Sox2 belongs to the B1 subgroup of the Sox (sry-related HMG box-containing) family group, and it is a central molecule that is closely associated with stem cells (Liu et al., 2013). Our previous experiments first showed that NP847 and Sox2 demonstrate a similar trend toward variation in the DG region of the hippocampus, which indicates that they have a certain relationship with NSCs. Moreover, as a nuclear transcription factor, Sox2 can regulate the transcription of downstream genes. Early research showed that sonic hedgehog (Shh) is a direct target gene of Sox2 (Zhang et al., 2016). Furthermore, it is a powerful regulator of adult hippocampus neurogenesis and is essential for the maintenance of adult stem cell properties (Cheng et al., 2015). Here, we report that nNOS is phosphorylated at ser847 in NSCs after TBI and that the activated NP847 can interact with Sox2, thereby affecting the expression of Shh to influence the proliferation and self-renewal of NSCs through the Shh/Gli signaling pathway.
Materials and methods
Animals and the TBI model
Experiments were performed in accordance with the National Institutes of Health Guidelines for the Care and Use of Laboratory Animals (Bayne, 1996, USA) and were approved by the Chinese National Committee for the Use of Experimental Animals for Medical Purposes, Jiangsu Branch. Male Sprague Dawley rats (n = 46) with an average body weight of 250 g (range 220–275 g) were used in this study. A TBI model described previously was used with modifications (Logan et al., 1992; Shi et al., 2012). After deeply anesthetizing the rats with chloral hydrate (10% solution), the heads of the rats were fixed in a stereotactic frame, and under aseptic conditions, a micro-knife was inserted into the right cortex,3 mm lateral, parallel from the midline, with an antero-posterior surgical incision (5 mm long, 3 mm deep, and 1 mm wide). Thereafter, the scalps were sutured. Sham-controlled rats were subjected to identical procedures as the experimental rats, except for the insertion of a micro-knife into the brain. After all the procedures, the animals were returned to their cages and allowed free access to food and water. Animals were housed under a 12-h light/dark cycle, and the room temperature (RT) was kept at 20 ± 2°C. Experimental animals (n = 3 per time point) were sacrificed to extract proteins for western blot analysis at 12 h, 1, 3, 5, 7, 14, and 28 days after injury. Sham rats were sacrificed on the third day. Additional experimental animals for sections were sacrificed at 3 days for the sham group and at 3 days after TBI. Experimental animals (n = 3 per time point) were sacrificed at 1, 3, and 5 days for immunoprecipitation. Sham rats were sacrificed on the third day. Four rats were lost in the TBI group. All efforts were made to minimize the number of animals used and the suffering of the animals.
Cell culture
Embryonic NSCs were isolated from embryonic day 16 (E16) rat cortex as previously described (Pollard et al., 2006). Cells were maintained in floating culture in proliferation medium containing 20 ng/ml basic fibroblast growth factor (bFGF, Abcam), 20 ng/ml epidermal growth factor (EGF, Abcam), and 2% B27 supplement (Abcam) and were passaged every 4–6 days. These embryonic NSCs still proliferated and had a self-renewal capacity. The cells were able to generate differentiated progeny until the 10th passage. Embryonic NSCs from the 2nd to the 10th passages were used in this study. Adult NSCs were isolated and cultured as previously described, with some modifications. In brief, the dentate gyri of 2-month-old female mice (three mice were used in each primary isolation experiment) were dissected and digested with 0.125% trypsin (Gibco) and 250 U/ml DNase I (Sigma-Aldrich) at 37°C for 20 min, and the undifferentiated progenitors were enriched by centrifugation with Percoll.

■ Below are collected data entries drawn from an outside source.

lemma blk_of_bij_betw:
  assumes "T \<subseteq> {..<N}" "\<And>t. t \<in> T \<Longrightarrow> finite (G t)"
  shows "bij_betw (blk_of G N)
    {r. r < dimp N G \<and> blk_of G N r \<in> T \<and> blk_col G N r = i} {t \<in> T. i \<in> G t}"
    (is "bij_betw _ ?S ?T")
proof (rule bij_betw_imageI)
  show "inj_on (blk_of G N) ?S"
  proof (rule inj_onI)
    fix r s
    assume r: "r \<in> ?S"
      and s: "s \<in> ?S"
      and rs: "blk_of G N r = blk_of G N s"
    define t where "t = blk_of G N r"
    have "r \<in> blkJ G t" using r blk_of(2) unfolding t_def by blast
    moreover have "s \<in> blkJ G t" using s blk_of(2) unfolding t_def rs by blast
    ultimately have k: "r - blk_off G t < card (G t)" "s - blk_off G t < card (G t)"
      and off: "blk_off G t \<le> r" "blk_off G t \<le> s" by (auto simp: blkJ_def)
    have "finite (G t)" using r assms(2) t_def by blast
    moreover have "sorted_list_of_set (G t) ! (r - blk_off G t) = sorted_list_of_set (G t) ! (s - blk_off G t)"
      using r s rs unfolding blk_col_def t_def by simp
    ultimately have "r - blk_off G t = s - blk_off G t" using k by (simp add: nth_eq_iff_index_eq)
    then show "r = s" using off by simp
  qed
  show "blk_of G N ` ?S = ?T"
  proof
    show "blk_of G N ` ?S \<subseteq> ?T"
      using blk_col_in by blast
  next
    show "?T \<subseteq> blk_of G N ` ?S"
    proof
      fix t assume t: "t \<in> ?T"
      then have "i \<in> set (sorted_list_of_set (G t))" using assms(2) by simp
      then obtain k where k: "k < card (G t)" "sorted_list_of_set (G t) ! k = i"
        by (metis in_set_conv_nth length_sorted_list_of_set)
      have "t < N" using t assms(1) by blast
      with k t show "t \<in> blk_of G N ` ?S"
        using blk_off_add[of t N k G] by (intro image_eqI[of _ _ "blk_off G t + k"]) auto
    qed
  qed
qed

Adult NSCs were maintained in floating culture in proliferation medium similar to that of embryonic NSCs. The proliferation, self-renewal capacity, and multiple differentiating potential of adult NSCs were as easily identified as for the embryonic NSCs. Adult NSCs of the second to fourth passages were used in this study.
For lentivirus transfection and cell co-culture experiments, embryonic or adult NSCs were plated on coverslips (2 cm2) coated with polylysine at a cell density of 1 × 104 cells/cm2 and were cultured as a monolayer.
Primary hippocampal neurons were isolated from an embryonic day 18 (E18) mouse and cultured in neurobasal medium (Gibco) containing 2% B27 supplement, as reported. Cultured neurons were identified after 10 days in vitro, and the proportion of β-III-tubulin+ cells was approximately 92%.
Co-culture of NSCs and neurons
To simulate the pathological process of NSC mobilization after TBI, NSCs were co-cultured with neurons stimulated by glutamate (gNeurons) in vitro. Before co-culture, NSCs were plated on polylysine coverslips and cultured for 24 h. Then, the coverslips with NSCs were turned over and placed on hippocampal neurons grown in dishes for 10 days to undergo co-culture for 24 h. Neurobasal medium containing 20 ng/ml bFGF, 20 ng/ml EGF, and 2% B27 was used as the co-culture medium. After co-culture, the upper coverslip with the NSCs was removed from the dish with neurons to perform immunecytochemistry on the NSCs.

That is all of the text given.